What you have to do: Pull every line with "lambda" from the entries below.

*** Opening Record extracts ***

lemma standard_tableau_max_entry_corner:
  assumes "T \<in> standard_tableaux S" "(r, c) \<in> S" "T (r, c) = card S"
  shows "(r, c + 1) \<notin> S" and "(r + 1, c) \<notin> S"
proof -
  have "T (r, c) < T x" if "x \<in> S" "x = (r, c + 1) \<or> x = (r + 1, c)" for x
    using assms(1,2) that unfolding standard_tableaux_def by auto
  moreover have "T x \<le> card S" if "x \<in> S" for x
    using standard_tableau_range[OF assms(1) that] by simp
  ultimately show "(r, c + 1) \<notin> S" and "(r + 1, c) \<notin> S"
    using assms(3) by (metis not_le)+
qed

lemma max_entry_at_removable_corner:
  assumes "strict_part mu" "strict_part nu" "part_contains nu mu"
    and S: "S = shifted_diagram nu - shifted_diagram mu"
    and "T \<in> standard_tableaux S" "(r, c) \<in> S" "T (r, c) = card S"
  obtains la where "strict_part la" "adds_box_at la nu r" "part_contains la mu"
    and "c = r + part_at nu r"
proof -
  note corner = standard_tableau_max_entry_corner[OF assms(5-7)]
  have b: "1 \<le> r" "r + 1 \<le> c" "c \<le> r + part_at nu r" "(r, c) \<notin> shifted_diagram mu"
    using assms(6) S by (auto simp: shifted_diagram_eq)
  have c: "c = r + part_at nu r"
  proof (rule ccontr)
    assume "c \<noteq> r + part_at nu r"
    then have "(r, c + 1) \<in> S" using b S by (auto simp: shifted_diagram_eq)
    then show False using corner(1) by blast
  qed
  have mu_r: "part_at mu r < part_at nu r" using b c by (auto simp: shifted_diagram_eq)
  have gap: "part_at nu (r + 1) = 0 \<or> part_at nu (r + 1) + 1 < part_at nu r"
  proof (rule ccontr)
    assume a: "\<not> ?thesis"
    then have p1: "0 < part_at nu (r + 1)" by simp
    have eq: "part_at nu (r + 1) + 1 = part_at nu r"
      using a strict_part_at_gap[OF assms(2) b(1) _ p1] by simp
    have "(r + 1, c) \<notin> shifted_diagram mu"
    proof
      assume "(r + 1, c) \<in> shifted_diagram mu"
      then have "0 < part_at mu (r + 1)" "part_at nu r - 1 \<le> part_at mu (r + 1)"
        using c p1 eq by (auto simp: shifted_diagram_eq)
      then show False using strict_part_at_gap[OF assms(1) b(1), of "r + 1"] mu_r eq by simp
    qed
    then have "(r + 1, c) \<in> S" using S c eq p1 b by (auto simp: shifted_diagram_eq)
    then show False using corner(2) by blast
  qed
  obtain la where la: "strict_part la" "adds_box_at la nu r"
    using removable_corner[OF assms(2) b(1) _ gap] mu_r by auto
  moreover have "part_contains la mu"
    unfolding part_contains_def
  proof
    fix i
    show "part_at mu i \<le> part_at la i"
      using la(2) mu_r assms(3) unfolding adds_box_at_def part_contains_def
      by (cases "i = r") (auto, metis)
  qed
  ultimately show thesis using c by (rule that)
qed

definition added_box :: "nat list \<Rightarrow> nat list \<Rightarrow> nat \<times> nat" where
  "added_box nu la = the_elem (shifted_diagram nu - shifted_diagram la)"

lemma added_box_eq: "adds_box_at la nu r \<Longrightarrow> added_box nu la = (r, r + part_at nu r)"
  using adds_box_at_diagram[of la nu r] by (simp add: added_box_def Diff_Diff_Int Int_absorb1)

*** Closing Record extracts ***
*** Opening Record extracts ***

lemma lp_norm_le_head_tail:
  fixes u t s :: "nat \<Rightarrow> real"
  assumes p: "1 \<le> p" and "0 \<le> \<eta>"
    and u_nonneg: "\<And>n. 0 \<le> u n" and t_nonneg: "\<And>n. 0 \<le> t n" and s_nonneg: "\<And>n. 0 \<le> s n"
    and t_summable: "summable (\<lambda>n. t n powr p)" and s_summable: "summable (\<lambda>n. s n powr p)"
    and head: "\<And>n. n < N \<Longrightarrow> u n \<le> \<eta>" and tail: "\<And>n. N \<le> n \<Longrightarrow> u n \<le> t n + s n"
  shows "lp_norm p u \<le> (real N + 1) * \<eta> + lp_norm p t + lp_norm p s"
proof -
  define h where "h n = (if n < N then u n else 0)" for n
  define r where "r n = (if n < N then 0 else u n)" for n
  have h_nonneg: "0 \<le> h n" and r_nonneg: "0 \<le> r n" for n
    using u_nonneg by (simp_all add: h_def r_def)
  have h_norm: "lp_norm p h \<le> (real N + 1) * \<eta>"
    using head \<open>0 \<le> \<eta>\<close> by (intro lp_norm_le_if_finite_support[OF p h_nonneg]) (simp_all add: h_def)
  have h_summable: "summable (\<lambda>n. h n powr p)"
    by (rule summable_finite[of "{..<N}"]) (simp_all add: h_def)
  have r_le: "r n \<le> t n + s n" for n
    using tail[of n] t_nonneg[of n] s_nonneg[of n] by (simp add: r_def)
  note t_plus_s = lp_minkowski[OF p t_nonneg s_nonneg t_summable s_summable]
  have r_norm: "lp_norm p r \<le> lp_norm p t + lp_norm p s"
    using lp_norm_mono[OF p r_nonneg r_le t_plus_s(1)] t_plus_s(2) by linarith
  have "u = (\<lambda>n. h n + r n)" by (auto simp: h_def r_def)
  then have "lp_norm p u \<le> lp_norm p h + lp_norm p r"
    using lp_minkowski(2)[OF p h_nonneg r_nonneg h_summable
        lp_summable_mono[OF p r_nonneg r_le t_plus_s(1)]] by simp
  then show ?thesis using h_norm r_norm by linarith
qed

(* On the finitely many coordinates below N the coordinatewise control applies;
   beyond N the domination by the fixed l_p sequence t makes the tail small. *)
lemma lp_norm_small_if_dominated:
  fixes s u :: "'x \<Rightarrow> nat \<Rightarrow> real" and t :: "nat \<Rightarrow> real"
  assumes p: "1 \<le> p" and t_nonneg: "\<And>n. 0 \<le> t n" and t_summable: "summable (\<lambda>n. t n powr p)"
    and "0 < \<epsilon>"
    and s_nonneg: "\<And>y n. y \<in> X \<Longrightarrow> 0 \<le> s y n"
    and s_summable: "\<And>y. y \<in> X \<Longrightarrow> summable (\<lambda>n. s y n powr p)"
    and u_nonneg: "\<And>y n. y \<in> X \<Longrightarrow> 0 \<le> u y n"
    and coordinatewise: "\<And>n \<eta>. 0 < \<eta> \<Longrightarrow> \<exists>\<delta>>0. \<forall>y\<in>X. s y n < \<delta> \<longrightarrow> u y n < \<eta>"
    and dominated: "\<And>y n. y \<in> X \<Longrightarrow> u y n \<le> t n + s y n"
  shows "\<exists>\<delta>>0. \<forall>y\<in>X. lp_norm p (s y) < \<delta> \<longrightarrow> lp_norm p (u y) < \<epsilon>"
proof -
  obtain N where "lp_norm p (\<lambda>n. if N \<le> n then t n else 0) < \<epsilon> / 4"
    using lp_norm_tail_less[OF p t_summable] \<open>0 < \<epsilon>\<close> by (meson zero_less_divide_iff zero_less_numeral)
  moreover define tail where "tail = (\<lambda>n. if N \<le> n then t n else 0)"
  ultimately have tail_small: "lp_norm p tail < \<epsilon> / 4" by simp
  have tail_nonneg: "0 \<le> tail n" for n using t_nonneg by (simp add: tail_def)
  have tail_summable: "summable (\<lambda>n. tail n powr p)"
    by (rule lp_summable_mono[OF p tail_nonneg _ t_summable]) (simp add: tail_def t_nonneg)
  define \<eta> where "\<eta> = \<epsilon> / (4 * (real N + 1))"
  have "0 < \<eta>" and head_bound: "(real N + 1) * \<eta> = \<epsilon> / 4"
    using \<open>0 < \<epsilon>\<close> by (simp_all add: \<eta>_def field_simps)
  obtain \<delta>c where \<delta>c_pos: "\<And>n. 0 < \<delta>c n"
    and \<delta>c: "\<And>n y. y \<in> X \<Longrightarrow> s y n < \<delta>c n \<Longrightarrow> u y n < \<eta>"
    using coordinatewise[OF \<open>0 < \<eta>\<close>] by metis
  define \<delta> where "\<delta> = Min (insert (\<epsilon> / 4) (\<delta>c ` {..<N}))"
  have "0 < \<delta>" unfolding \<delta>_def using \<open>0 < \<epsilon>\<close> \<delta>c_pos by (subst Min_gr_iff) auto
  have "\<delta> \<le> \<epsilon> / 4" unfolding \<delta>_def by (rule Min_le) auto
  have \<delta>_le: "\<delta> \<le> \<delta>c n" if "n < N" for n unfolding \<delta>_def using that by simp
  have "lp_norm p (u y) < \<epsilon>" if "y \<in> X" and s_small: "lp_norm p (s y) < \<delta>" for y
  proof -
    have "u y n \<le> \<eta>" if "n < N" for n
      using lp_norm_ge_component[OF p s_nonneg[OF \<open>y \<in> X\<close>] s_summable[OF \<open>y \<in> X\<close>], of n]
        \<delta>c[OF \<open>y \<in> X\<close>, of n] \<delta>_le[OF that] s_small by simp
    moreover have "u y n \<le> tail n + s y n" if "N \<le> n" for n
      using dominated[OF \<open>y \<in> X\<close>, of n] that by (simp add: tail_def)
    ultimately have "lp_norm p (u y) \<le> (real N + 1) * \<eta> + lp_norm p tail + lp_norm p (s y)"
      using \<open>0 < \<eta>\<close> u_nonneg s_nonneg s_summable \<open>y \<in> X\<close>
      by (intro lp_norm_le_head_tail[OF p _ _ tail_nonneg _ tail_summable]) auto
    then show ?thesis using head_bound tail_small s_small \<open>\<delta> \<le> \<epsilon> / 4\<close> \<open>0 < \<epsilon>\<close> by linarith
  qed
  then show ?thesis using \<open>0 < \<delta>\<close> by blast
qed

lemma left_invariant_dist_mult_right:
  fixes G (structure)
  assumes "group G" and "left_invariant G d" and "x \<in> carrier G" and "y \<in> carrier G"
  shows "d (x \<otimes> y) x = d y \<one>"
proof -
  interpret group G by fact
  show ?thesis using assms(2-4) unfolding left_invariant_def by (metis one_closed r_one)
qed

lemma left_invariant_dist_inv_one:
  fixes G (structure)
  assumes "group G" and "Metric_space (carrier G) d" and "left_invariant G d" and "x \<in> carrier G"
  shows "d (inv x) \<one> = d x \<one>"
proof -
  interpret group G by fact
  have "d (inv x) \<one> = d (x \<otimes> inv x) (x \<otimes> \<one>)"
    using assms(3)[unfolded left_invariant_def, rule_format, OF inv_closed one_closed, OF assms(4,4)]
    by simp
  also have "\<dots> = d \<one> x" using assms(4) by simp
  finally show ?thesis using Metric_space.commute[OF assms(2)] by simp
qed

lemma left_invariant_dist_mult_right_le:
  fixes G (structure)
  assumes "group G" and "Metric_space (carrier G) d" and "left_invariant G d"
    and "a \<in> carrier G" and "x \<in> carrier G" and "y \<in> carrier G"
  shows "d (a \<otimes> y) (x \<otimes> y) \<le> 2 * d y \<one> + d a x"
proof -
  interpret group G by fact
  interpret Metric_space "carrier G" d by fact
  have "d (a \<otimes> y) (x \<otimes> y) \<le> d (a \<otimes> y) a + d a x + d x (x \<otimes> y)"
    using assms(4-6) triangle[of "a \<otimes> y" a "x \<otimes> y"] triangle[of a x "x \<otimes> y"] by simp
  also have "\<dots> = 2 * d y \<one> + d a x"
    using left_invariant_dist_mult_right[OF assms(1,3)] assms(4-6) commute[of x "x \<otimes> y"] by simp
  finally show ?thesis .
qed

*** Closing Record extracts ***

Solution to this problem:
    and t_summable: "summable (\<lambda>n. t n powr p)" and s_summable: "summable (\<lambda>n. s n powr p)"
  have h_summable: "summable (\<lambda>n. h n powr p)"
  have "u = (\<lambda>n. h n + r n)" by (auto simp: h_def r_def)
  assumes p: "1 \<le> p" and t_nonneg: "\<And>n. 0 \<le> t n" and t_summable: "summable (\<lambda>n. t n powr p)"
    and s_summable: "\<And>y. y \<in> X \<Longrightarrow> summable (\<lambda>n. s y n powr p)"
  obtain N where "lp_norm p (\<lambda>n. if N \<le> n then t n else 0) < \<epsilon> / 4"
  moreover define tail where "tail = (\<lambda>n. if N \<le> n then t n else 0)"
  have tail_summable: "summable (\<lambda>n. tail n powr p)"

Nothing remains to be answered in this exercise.